Saved entries
+-------+

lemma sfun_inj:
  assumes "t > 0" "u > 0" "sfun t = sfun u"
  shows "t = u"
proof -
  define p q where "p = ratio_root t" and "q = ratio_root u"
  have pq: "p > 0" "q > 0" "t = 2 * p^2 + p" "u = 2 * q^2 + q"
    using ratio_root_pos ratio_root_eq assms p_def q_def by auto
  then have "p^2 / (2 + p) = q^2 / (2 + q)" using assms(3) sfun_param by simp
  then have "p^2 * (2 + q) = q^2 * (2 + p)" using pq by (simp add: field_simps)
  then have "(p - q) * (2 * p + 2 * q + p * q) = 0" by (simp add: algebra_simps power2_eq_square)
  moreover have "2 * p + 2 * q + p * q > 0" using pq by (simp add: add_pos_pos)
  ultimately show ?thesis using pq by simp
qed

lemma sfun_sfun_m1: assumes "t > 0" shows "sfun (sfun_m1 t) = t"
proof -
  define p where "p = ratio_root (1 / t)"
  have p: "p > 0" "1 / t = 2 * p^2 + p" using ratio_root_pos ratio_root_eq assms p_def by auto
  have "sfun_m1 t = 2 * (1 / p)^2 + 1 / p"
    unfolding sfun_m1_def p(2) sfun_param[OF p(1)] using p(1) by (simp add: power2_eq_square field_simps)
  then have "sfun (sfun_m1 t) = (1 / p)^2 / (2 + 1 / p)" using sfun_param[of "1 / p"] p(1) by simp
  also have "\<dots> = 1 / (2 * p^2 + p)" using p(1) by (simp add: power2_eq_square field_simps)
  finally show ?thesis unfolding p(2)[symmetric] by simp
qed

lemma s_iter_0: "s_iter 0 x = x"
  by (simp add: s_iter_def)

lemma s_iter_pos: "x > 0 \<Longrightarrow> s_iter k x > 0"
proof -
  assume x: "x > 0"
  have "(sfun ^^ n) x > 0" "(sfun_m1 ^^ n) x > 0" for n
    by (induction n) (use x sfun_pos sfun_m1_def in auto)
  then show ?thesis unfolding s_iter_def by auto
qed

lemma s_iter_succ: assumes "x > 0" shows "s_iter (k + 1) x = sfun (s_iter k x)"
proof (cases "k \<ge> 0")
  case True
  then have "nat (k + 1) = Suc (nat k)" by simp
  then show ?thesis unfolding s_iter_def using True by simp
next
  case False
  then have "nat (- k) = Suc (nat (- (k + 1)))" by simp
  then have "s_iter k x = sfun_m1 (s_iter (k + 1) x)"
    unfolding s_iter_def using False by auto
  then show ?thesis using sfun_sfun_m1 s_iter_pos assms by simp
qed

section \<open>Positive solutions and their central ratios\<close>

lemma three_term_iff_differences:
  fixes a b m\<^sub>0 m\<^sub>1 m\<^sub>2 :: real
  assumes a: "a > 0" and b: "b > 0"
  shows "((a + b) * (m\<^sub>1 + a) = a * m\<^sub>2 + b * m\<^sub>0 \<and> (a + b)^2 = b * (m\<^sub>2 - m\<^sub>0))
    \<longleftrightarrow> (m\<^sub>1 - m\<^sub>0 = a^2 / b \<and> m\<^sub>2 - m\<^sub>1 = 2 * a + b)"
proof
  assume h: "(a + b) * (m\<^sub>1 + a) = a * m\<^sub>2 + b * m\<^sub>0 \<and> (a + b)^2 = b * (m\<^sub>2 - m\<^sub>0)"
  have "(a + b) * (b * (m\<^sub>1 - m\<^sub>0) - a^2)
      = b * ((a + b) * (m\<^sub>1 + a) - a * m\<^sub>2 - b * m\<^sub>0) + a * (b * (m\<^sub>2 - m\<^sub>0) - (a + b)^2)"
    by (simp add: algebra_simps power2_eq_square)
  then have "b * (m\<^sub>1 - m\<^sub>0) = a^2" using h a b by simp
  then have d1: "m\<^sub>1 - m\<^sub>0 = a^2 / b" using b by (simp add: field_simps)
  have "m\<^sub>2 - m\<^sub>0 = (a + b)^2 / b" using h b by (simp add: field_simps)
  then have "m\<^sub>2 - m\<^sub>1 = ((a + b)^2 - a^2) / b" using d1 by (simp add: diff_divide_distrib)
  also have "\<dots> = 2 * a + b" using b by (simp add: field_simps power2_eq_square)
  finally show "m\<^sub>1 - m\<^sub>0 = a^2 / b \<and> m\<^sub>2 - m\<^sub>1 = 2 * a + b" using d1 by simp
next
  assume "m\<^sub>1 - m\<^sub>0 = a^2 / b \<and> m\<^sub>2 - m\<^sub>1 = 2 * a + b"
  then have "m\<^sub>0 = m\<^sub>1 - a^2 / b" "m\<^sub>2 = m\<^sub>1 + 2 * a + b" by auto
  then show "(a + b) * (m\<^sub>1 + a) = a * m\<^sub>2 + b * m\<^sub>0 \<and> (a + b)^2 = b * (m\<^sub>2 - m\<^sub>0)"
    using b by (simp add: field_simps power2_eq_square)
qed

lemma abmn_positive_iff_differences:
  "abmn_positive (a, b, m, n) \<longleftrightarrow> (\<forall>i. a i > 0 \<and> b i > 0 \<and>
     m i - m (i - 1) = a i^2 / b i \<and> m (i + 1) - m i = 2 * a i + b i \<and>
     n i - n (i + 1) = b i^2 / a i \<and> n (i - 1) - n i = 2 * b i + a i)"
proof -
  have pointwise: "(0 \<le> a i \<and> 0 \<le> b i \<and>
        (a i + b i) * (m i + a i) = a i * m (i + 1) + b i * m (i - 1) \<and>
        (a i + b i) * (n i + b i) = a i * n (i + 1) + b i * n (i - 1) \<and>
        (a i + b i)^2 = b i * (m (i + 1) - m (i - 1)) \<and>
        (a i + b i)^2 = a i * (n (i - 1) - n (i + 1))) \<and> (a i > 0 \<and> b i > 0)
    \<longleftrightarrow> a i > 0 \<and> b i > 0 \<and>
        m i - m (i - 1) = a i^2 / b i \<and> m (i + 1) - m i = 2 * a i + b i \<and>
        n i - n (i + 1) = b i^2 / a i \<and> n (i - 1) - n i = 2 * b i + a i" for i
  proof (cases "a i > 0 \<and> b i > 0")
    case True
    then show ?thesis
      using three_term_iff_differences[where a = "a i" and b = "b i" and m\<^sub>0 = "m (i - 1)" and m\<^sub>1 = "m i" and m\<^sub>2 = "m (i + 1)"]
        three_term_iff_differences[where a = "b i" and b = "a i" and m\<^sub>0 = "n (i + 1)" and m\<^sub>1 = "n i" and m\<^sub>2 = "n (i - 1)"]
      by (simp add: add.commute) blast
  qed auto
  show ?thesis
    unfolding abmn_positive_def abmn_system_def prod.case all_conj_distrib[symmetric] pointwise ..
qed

+-------+

_Description of the task_. Output the records in full, exactly.

_Response box_.
lemma sfun_inj:
  assumes "t > 0" "u > 0" "sfun t = sfun u"
  shows "t = u"
proof -
  define p q where "p = ratio_root t" and "q = ratio_root u"
  have pq: "p > 0" "q > 0" "t = 2 * p^2 + p" "u = 2 * q^2 + q"
    using ratio_root_pos ratio_root_eq assms p_def q_def by auto
  then have "p^2 / (2 + p) = q^2 / (2 + q)" using assms(3) sfun_param by simp
  then have "p^2 * (2 + q) = q^2 * (2 + p)" using pq by (simp add: field_simps)
  then have "(p - q) * (2 * p + 2 * q + p * q) = 0" by (simp add: algebra_simps power2_eq_square)
  moreover have "2 * p + 2 * q + p * q > 0" using pq by (simp add: add_pos_pos)
  ultimately show ?thesis using pq by simp
qed

lemma sfun_sfun_m1: assumes "t > 0" shows "sfun (sfun_m1 t) = t"
proof -
  define p where "p = ratio_root (1 / t)"
  have p: "p > 0" "1 / t = 2 * p^2 + p" using ratio_root_pos ratio_root_eq assms p_def by auto
  have "sfun_m1 t = 2 * (1 / p)^2 + 1 / p"
    unfolding sfun_m1_def p(2) sfun_param[OF p(1)] using p(1) by (simp add: power2_eq_square field_simps)
  then have "sfun (sfun_m1 t) = (1 / p)^2 / (2 + 1 / p)" using sfun_param[of "1 / p"] p(1) by simp
  also have "\<dots> = 1 / (2 * p^2 + p)" using p(1) by (simp add: power2_eq_square field_simps)
  finally show ?thesis unfolding p(2)[symmetric] by simp
qed

lemma s_iter_0: "s_iter 0 x = x"
  by (simp add: s_iter_def)

lemma s_iter_pos: "x > 0 \<Longrightarrow> s_iter k x > 0"
proof -
  assume x: "x > 0"
  have "(sfun ^^ n) x > 0" "(sfun_m1 ^^ n) x > 0" for n
    by (induction n) (use x sfun_pos sfun_m1_def in auto)
  then show ?thesis unfolding s_iter_def by auto
qed

lemma s_iter_succ: assumes "x > 0" shows "s_iter (k + 1) x = sfun (s_iter k x)"
proof (cases "k \<ge> 0")
  case True
  then have "nat (k + 1) = Suc (nat k)" by simp
  then show ?thesis unfolding s_iter_def using True by simp
next
  case False
  then have "nat (- k) = Suc (nat (- (k + 1)))" by simp
  then have "s_iter k x = sfun_m1 (s_iter (k + 1) x)"
    unfolding s_iter_def using False by auto
  then show ?thesis using sfun_sfun_m1 s_iter_pos assms by simp
qed

section \<open>Positive solutions and their central ratios\<close>

lemma three_term_iff_differences:
  fixes a b m\<^sub>0 m\<^sub>1 m\<^sub>2 :: real
  assumes a: "a > 0" and b: "b > 0"
  shows "((a + b) * (m\<^sub>1 + a) = a * m\<^sub>2 + b * m\<^sub>0 \<and> (a + b)^2 = b * (m\<^sub>2 - m\<^sub>0))
    \<longleftrightarrow> (m\<^sub>1 - m\<^sub>0 = a^2 / b \<and> m\<^sub>2 - m\<^sub>1 = 2 * a + b)"
proof
  assume h: "(a + b) * (m\<^sub>1 + a) = a * m\<^sub>2 + b * m\<^sub>0 \<and> (a + b)^2 = b * (m\<^sub>2 - m\<^sub>0)"
  have "(a + b) * (b * (m\<^sub>1 - m\<^sub>0) - a^2)
      = b * ((a + b) * (m\<^sub>1 + a) - a * m\<^sub>2 - b * m\<^sub>0) + a * (b * (m\<^sub>2 - m\<^sub>0) - (a + b)^2)"
    by (simp add: algebra_simps power2_eq_square)
  then have "b * (m\<^sub>1 - m\<^sub>0) = a^2" using h a b by simp
  then have d1: "m\<^sub>1 - m\<^sub>0 = a^2 / b" using b by (simp add: field_simps)
  have "m\<^sub>2 - m\<^sub>0 = (a + b)^2 / b" using h b by (simp add: field_simps)
  then have "m\<^sub>2 - m\<^sub>1 = ((a + b)^2 - a^2) / b" using d1 by (simp add: diff_divide_distrib)
  also have "\<dots> = 2 * a + b" using b by (simp add: field_simps power2_eq_square)
  finally show "m\<^sub>1 - m\<^sub>0 = a^2 / b \<and> m\<^sub>2 - m\<^sub>1 = 2 * a + b" using d1 by simp
next
  assume "m\<^sub>1 - m\<^sub>0 = a^2 / b \<and> m\<^sub>2 - m\<^sub>1 = 2 * a + b"
  then have "m\<^sub>0 = m\<^sub>1 - a^2 / b" "m\<^sub>2 = m\<^sub>1 + 2 * a + b" by auto
  then show "(a + b) * (m\<^sub>1 + a) = a * m\<^sub>2 + b * m\<^sub>0 \<and> (a + b)^2 = b * (m\<^sub>2 - m\<^sub>0)"
    using b by (simp add: field_simps power2_eq_square)
qed

lemma abmn_positive_iff_differences:
  "abmn_positive (a, b, m, n) \<longleftrightarrow> (\<forall>i. a i > 0 \<and> b i > 0 \<and>
     m i - m (i - 1) = a i^2 / b i \<and> m (i + 1) - m i = 2 * a i + b i \<and>
     n i - n (i + 1) = b i^2 / a i \<and> n (i - 1) - n i = 2 * b i + a i)"
proof -
  have pointwise: "(0 \<le> a i \<and> 0 \<le> b i \<and>
        (a i + b i) * (m i + a i) = a i * m (i + 1) + b i * m (i - 1) \<and>
        (a i + b i) * (n i + b i) = a i * n (i + 1) + b i * n (i - 1) \<and>
        (a i + b i)^2 = b i * (m (i + 1) - m (i - 1)) \<and>
        (a i + b i)^2 = a i * (n (i - 1) - n (i + 1))) \<and> (a i > 0 \<and> b i > 0)
    \<longleftrightarrow> a i > 0 \<and> b i > 0 \<and>
        m i - m (i - 1) = a i^2 / b i \<and> m (i + 1) - m i = 2 * a i + b i \<and>
        n i - n (i + 1) = b i^2 / a i \<and> n (i - 1) - n i = 2 * b i + a i" for i
  proof (cases "a i > 0 \<and> b i > 0")
    case True
    then show ?thesis
      using three_term_iff_differences[where a = "a i" and b = "b i" and m\<^sub>0 = "m (i - 1)" and m\<^sub>1 = "m i" and m\<^sub>2 = "m (i + 1)"]
        three_term_iff_differences[where a = "b i" and b = "a i" and m\<^sub>0 = "n (i + 1)" and m\<^sub>1 = "n i" and m\<^sub>2 = "n (i - 1)"]
      by (simp add: add.commute) blast
  qed auto
  show ?thesis
    unfolding abmn_positive_def abmn_system_def prod.case all_conj_distrib[symmetric] pointwise ..
qed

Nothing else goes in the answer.